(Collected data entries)
####################

lemma sq_mult_Re_inverse_of_real_minus:
  assumes "complex_of_real t \<noteq> w"
  shows "t\<^sup>2 * Re (inverse (complex_of_real t - w)) - t = Re (w + w\<^sup>2 * inverse (complex_of_real t - w))"
proof -
  have "complex_of_real (t\<^sup>2) * inverse (complex_of_real t - w) - complex_of_real t
          = w + w\<^sup>2 * inverse (complex_of_real t - w)"
    using assms by (simp add: field_simps power2_eq_square)
  from arg_cong[where f = Re, OF this] show ?thesis
    by (simp del: inverse_complex.sel)
qed

lemma tendsto_mult_inverse_power_sum_at_top:
  "((\<lambda>t. t * inverse_power_sum r 1 t) \<longlongrightarrow> real (length r)) at_top"
proof -
  have "((\<lambda>t. \<Sum>i<length r. 1 + Re (r ! i * inverse (complex_of_real t - r ! i)))
          \<longlongrightarrow> (\<Sum>i<length r. 1 + Re (r ! i * 0))) at_top"
    by (intro tendsto_intros tendsto_inverse_of_real_minus_at_top)
  moreover have "eventually (\<lambda>t. (\<Sum>i<length r. 1 + Re (r ! i * inverse (complex_of_real t - r ! i)))
                   = t * inverse_power_sum r 1 t) at_top"
    using eventually_of_real_notin_at_top[OF finite_set[of r]]
  proof eventually_elim
    case (elim t)
    then have "t * Re (inverse (complex_of_real t - w)) = 1 + Re (w * inverse (complex_of_real t - w))"
      if "w \<in> set r" for w
      using that by (intro mult_Re_inverse_of_real_minus) auto
    then show ?case
      by (simp add: inverse_power_sum_def sum_distrib_left del: inverse_complex.sel)
  qed
  ultimately show ?thesis
    by (auto intro: Lim_transform_eventually)
qed
(* Fix an arbitrary execution of Algorithm $\mathrm{tree}(G)$ on $G$, and let the rank $r$ and the set $U$ be as defined in the context. If $u,v,w$ are distinct vertices of $G$ with $uv,vw\in E(G)$, $\{u,v\}\subseteq U$, and $r(u)<r(v)<r(w)$, then $d_G(v)=2$.
   Context: $G$ is a finite connected simple undirected graph containing a vertex $a$ with $d_G(a)\ge 2$. For a subtree $T$ of $G$ and a vertex $u$ of $T$: - $V_T(u)$ is the set of vertices $v\in V(G)\setminus V(T)$ with $uv\in E(G)$. - $E_T(u)$ is the set of edges $uv$ of $G$ with $v\in V_T(u)$. - If $|V_T(u)|=1$, then $v_T(u)$ denotes the unique vertex of $V_T(u)$. Three sets of vertices of $T$ are defined: - $W_2(T)=\{u\in V(T): |V_T(u)|\ge 2\}$. - $W_1(T)=\{u\in V(T): |V_T(u)|=1,\ |V_{T\cup E_T(u)}(v_T(u))|\ge 2\}$. - $W_0(T)=\{u\in V(T): |V_T(u)|=1,\ |V_{T\cup E_T(u)}(v_T(u))|\le 1\}$. Algorithm $\mathrm{tree}(G)$ runs as follows. 1. Start with $T=\{a\}$. 2. While $V(T)\ne V(G)$: - If $W_2(T)\ne\emptyset$, pick an arbitrary $u\in W_2(T)$. - Else, if $W_1(T)\neq\emptyset$, pick an arbitrary $u\in W_1(T)$. - Else, let $u$ be the vertex of $W_0(T)$ that joined $V(T)$ most recently. - Set $T:=T\cup E_T(u)$ ("expand $T$ at $u$"). 3. Return $T$. Now fix an execution and let $T$ be the returned spanning tree, rooted at $a$. For $v\ne a$, let $p(v)$ be the parent of $v$ in $T$. For each vertex $u$ with $d_T(u)\ge 2$, the algorithm expanded at $u$ exactly once; let $T_u$ be the tree just before that expansion. Thus $u=p(v)$ if and only if $v\in V_{T_u}(u)$. The rank $r:V(G)\to\mathbb{Z}$ is defined by $r(a)=1$ and, for each edge $uv$ of $T$ with $u=p(v)$: - $r(v)=r(u)$ if $u\in W_2(T_u)$; - $r(v)=1+\max_{w\in V(T_u)} r(w)$ otherwise. $U$ is the set of vertices $v$ such that no other vertex has rank $r(v)$. *)

theory Defs
  imports Main
begin

definition simple_graph :: "'a set \<Rightarrow> ('a \<Rightarrow> 'a \<Rightarrow> bool) \<Rightarrow> bool" where
  "simple_graph V E \<longleftrightarrow> finite V \<and> (\<forall>x y. E x y \<longrightarrow> x \<in> V \<and> y \<in> V)
     \<and> (\<forall>x y. E x y \<longrightarrow> E y x) \<and> (\<forall>x. \<not> E x x)"

definition connected_graph :: "'a set \<Rightarrow> ('a \<Rightarrow> 'a \<Rightarrow> bool) \<Rightarrow> bool" where
  "connected_graph V E \<longleftrightarrow> V \<noteq> {} \<and> (\<forall>x\<in>V. \<forall>y\<in>V. E\<^sup>*\<^sup>* x y)"

definition degree :: "'a set \<Rightarrow> ('a \<Rightarrow> 'a \<Rightarrow> bool) \<Rightarrow> 'a \<Rightarrow> nat" where
  "degree V E v = card {w \<in> V. E v w}"

definition VT :: "'a set \<Rightarrow> ('a \<Rightarrow> 'a \<Rightarrow> bool) \<Rightarrow> 'a set \<Rightarrow> 'a \<Rightarrow> 'a set" where
  "VT V E T u = {v \<in> V - T. E u v}"

definition W2 :: "'a set \<Rightarrow> ('a \<Rightarrow> 'a \<Rightarrow> bool) \<Rightarrow> 'a set \<Rightarrow> 'a set" where
  "W2 V E T = {u \<in> T. card (VT V E T u) \<ge> 2}"

text \<open>For |V_T(u)| = 1, the tree T \<union> E_T(u) has vertex set T \<union> V_T(u).\<close>
definition W1 :: "'a set \<Rightarrow> ('a \<Rightarrow> 'a \<Rightarrow> bool) \<Rightarrow> 'a set \<Rightarrow> 'a set" where
  "W1 V E T = {u \<in> T. card (VT V E T u) = 1 \<and>
      card (VT V E (T \<union> VT V E T u) (the_elem (VT V E T u))) \<ge> 2}"

definition W0 :: "'a set \<Rightarrow> ('a \<Rightarrow> 'a \<Rightarrow> bool) \<Rightarrow> 'a set \<Rightarrow> 'a set" where
  "W0 V E T = {u \<in> T. card (VT V E T u) = 1 \<and>
      card (VT V E (T \<union> VT V E T u) (the_elem (VT V E T u))) \<le> 1}"

text \<open>An execution is recorded as the list us of expansion vertices; tsets i is V(T) after i expansions.\<close>
primrec tsets :: "'a set \<Rightarrow> ('a \<Rightarrow> 'a \<Rightarrow> bool) \<Rightarrow> 'a \<Rightarrow> 'a list \<Rightarrow> nat \<Rightarrow> 'a set" where
  "tsets V E a us 0 = {a}"
| "tsets V E a us (Suc i) = tsets V E a us i \<union> VT V E (tsets V E a us i) (us ! i)"

definition join_time :: "'a set \<Rightarrow> ('a \<Rightarrow> 'a \<Rightarrow> bool) \<Rightarrow> 'a \<Rightarrow> 'a list \<Rightarrow> 'a \<Rightarrow> nat" where
  "join_time V E a us x = (LEAST j. x \<in> tsets V E a us j)"

definition is_execution :: "'a set \<Rightarrow> ('a \<Rightarrow> 'a \<Rightarrow> bool) \<Rightarrow> 'a \<Rightarrow> 'a list \<Rightarrow> bool" where
  "is_execution V E a us \<longleftrightarrow>
     (\<forall>i < length us.
        (let T = tsets V E a us i; u = us ! i in
          T \<noteq> V \<and>
          (if W2 V E T \<noteq> {} then u \<in> W2 V E T
           else if W1 V E T \<noteq> {} then u \<in> W1 V E T
           else u \<in> W0 V E T \<and> (\<forall>x \<in> W0 V E T. join_time V E a us x \<le> join_time V E a us u))))
     \<and> tsets V E a us (length us) = V"
lemma measure_cbox_Int_near_lattice_dirichlet_le:
  fixes a s r :: real and q Q :: nat
  assumes s: "0 < s" and r: "0 < r" and q: "1 \<le> q" and Q: "1 \<le> Q"
  defines "\<rho> \<equiv> r / (real q * real Q)"
  shows "measure lebesgue (cbox (\<chi> _. a) (\<chi> _. a + s) \<inter> near_lattice (r / real q) \<rho> :: (real ^ 'n::finite) set)
    \<le> (2 / real Q * (s + 3 * r)) ^ CARD('n)"
proof -
  have pos: "0 < r / real q" "0 \<le> \<rho>" "a \<le> a + s"
    using s r q by (auto simp: \<rho>_def)
  have "((a + s - a + 2 * \<rho>) / (r / real q) + 1) * (2 * \<rho>)
        = 2 * s / real Q + 4 * r / (real q * real Q ^ 2) + 2 * r / (real q * real Q)"
    using r q Q by (simp add: \<rho>_def field_simps power2_eq_square)
  also have "\<dots> \<le> 2 * s / real Q + 4 * r / real Q + 2 * r / real Q"
  proof -
    have "real Q \<le> real q * real Q"
      using mult_right_mono[of 1 "real q" "real Q"] q by simp
    moreover have "real Q \<le> real q * real Q ^ 2"
      using q Q by (metis le_trans mult_1 mult_le_mono1 of_nat_le_iff of_nat_mult power2_eq_square)
    ultimately show ?thesis
      using r Q by (intro add_mono order_refl divide_left_mono) auto
  qed
  also have "\<dots> = 2 / real Q * (s + 3 * r)"
    by (simp add: field_simps add_divide_distrib)
  finally have "((a + s - a + 2 * \<rho>) / (r / real q) + 1) ^ CARD('n) * (2 * \<rho>) ^ CARD('n)
      \<le> (2 / real Q * (s + 3 * r)) ^ CARD('n)"
    using pos r by (subst power_mult_distrib[symmetric]) (intro power_mono, auto intro!: mult_nonneg_nonneg)
  with measure_cbox_Int_near_lattice_le(2)[OF pos, where 'n = 'n] show ?thesis
    by simp
qed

####################

Begin at the first line of the records above and quote every line verbatim through the one that contains "using that by".

▸ **Output for this exercise**
lemma sq_mult_Re_inverse_of_real_minus:
  assumes "complex_of_real t \<noteq> w"
  shows "t\<^sup>2 * Re (inverse (complex_of_real t - w)) - t = Re (w + w\<^sup>2 * inverse (complex_of_real t - w))"
proof -
  have "complex_of_real (t\<^sup>2) * inverse (complex_of_real t - w) - complex_of_real t
          = w + w\<^sup>2 * inverse (complex_of_real t - w)"
    using assms by (simp add: field_simps power2_eq_square)
  from arg_cong[where f = Re, OF this] show ?thesis
    by (simp del: inverse_complex.sel)
qed

lemma tendsto_mult_inverse_power_sum_at_top:
  "((\<lambda>t. t * inverse_power_sum r 1 t) \<longlongrightarrow> real (length r)) at_top"
proof -
  have "((\<lambda>t. \<Sum>i<length r. 1 + Re (r ! i * inverse (complex_of_real t - r ! i)))
          \<longlongrightarrow> (\<Sum>i<length r. 1 + Re (r ! i * 0))) at_top"
    by (intro tendsto_intros tendsto_inverse_of_real_minus_at_top)
  moreover have "eventually (\<lambda>t. (\<Sum>i<length r. 1 + Re (r ! i * inverse (complex_of_real t - r ! i)))
                   = t * inverse_power_sum r 1 t) at_top"
    using eventually_of_real_notin_at_top[OF finite_set[of r]]
  proof eventually_elim
    case (elim t)
    then have "t * Re (inverse (complex_of_real t - w)) = 1 + Re (w * inverse (complex_of_real t - w))"
      if "w \<in> set r" for w
      using that by (intro mult_Re_inverse_of_real_minus) auto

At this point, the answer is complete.